● **About this exercise**
I need the lines below from the one with "s) = real ((m" down to the one with "using binomial_absorb_comp[of m" reproduced exactly, both ends included, and nothing else.

● **Records provided**
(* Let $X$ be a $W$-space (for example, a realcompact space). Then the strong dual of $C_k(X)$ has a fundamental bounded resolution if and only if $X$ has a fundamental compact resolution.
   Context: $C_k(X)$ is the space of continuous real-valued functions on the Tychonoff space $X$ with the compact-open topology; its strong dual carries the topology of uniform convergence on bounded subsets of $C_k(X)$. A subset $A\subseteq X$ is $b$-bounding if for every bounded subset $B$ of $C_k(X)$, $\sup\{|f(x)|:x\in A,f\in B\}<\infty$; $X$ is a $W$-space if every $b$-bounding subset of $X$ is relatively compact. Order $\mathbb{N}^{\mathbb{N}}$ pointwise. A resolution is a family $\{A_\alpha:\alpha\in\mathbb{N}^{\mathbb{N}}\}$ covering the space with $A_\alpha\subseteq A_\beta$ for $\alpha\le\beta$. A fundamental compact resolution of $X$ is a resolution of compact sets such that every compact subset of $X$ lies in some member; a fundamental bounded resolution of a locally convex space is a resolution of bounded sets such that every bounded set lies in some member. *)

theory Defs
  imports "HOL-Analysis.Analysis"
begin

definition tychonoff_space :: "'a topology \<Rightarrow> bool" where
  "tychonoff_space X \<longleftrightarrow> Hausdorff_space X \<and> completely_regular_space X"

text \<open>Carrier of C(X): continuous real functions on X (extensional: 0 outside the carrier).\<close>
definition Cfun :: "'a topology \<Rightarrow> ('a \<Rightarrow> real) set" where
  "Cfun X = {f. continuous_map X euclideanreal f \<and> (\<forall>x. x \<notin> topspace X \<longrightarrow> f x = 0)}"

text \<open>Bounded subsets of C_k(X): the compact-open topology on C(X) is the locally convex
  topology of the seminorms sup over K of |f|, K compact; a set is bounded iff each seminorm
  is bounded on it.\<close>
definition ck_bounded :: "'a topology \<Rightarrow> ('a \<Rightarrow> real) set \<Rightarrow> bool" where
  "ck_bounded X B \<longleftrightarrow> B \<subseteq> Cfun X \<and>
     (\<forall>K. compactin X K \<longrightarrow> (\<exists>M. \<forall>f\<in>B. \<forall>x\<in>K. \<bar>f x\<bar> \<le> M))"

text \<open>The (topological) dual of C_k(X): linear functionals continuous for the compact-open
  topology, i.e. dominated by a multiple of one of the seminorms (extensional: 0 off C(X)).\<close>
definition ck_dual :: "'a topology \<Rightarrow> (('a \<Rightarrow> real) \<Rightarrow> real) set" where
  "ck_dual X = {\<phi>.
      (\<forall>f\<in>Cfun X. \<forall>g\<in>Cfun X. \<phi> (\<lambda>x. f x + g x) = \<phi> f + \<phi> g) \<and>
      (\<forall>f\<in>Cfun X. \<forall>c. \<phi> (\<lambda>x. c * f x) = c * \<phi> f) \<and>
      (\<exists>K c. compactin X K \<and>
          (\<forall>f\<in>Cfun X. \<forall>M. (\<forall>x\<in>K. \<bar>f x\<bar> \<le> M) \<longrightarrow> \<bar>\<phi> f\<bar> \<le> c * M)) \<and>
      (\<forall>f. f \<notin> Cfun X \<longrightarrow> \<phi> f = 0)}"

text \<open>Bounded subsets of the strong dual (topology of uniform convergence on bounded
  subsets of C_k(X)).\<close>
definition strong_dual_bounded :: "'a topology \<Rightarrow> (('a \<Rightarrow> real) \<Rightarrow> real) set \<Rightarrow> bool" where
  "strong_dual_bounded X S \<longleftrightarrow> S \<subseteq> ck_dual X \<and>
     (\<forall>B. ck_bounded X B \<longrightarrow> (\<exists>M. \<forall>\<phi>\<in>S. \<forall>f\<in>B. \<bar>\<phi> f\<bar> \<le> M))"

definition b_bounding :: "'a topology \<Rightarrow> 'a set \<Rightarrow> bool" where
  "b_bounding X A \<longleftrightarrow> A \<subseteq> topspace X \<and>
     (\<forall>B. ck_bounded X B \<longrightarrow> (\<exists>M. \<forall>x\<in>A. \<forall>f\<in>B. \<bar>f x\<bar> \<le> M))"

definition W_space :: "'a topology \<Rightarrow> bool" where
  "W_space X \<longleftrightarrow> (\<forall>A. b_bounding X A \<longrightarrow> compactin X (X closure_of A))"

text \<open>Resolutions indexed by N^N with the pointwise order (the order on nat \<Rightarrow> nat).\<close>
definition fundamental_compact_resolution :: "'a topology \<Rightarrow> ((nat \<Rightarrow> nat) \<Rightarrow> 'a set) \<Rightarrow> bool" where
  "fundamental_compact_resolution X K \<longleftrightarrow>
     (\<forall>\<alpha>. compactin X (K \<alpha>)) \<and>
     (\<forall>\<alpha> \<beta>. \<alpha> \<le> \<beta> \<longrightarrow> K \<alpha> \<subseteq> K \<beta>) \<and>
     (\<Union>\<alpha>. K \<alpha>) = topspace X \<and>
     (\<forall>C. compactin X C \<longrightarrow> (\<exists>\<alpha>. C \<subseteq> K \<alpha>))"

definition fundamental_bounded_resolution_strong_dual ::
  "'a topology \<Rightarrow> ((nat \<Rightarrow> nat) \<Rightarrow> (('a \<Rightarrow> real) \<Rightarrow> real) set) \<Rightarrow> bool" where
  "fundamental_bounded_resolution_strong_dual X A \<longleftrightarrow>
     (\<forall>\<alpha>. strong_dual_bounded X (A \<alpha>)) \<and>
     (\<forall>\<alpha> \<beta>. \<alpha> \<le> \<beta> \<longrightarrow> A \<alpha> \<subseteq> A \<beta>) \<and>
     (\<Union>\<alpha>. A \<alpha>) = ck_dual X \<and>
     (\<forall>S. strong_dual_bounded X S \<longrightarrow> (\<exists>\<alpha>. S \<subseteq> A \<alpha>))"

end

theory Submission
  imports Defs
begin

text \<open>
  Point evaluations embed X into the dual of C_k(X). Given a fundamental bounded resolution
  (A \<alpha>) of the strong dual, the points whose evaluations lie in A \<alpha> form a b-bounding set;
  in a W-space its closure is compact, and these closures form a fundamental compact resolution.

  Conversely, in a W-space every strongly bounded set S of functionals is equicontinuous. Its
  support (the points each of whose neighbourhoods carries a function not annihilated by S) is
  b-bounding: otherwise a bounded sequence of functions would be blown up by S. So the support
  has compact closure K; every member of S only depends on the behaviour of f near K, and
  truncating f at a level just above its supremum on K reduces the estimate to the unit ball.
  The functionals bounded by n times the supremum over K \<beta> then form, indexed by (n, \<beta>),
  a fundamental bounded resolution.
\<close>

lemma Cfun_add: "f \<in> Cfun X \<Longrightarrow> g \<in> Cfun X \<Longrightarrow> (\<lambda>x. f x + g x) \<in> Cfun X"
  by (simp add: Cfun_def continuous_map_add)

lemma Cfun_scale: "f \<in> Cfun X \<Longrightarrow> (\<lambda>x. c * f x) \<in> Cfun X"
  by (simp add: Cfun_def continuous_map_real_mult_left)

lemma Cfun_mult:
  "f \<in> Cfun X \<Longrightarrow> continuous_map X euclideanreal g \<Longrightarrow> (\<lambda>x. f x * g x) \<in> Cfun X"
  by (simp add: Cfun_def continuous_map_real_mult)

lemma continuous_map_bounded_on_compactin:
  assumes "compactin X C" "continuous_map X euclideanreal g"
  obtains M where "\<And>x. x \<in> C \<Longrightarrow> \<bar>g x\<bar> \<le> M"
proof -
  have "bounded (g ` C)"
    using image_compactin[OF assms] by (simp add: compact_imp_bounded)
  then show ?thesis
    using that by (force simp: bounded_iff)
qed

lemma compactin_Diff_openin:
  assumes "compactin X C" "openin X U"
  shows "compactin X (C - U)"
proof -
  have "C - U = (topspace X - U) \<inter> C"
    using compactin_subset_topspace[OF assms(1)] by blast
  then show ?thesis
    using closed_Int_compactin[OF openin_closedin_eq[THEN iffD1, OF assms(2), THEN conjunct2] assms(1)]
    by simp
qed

* * *

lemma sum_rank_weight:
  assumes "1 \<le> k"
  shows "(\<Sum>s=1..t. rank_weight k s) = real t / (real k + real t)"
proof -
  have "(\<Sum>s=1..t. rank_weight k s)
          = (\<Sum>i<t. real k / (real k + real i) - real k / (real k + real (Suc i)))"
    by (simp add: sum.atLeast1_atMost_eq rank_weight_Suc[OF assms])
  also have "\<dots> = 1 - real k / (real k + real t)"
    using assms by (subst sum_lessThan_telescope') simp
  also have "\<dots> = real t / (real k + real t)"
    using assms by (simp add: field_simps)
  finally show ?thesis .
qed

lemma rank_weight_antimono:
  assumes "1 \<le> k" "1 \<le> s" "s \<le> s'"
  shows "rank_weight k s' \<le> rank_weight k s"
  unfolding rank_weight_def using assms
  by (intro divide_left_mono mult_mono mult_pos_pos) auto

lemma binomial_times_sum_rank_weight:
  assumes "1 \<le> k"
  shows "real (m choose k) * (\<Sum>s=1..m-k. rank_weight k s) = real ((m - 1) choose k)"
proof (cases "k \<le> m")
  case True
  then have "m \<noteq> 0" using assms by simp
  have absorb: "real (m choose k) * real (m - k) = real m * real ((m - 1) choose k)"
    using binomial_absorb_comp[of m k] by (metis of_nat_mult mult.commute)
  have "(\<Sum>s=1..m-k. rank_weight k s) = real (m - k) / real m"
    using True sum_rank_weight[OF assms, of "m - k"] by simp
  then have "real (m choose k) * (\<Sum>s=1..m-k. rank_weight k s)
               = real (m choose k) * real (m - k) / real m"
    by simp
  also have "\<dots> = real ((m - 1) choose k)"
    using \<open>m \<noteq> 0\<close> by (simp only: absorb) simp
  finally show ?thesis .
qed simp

● **Answer section**
  shows "real (m choose k) * (\<Sum>s=1..m-k. rank_weight k s) = real ((m - 1) choose k)"
proof (cases "k \<le> m")
  case True
  then have "m \<noteq> 0" using assms by simp
  have absorb: "real (m choose k) * real (m - k) = real m * real ((m - 1) choose k)"
    using binomial_absorb_comp[of m k] by (metis of_nat_mult mult.commute)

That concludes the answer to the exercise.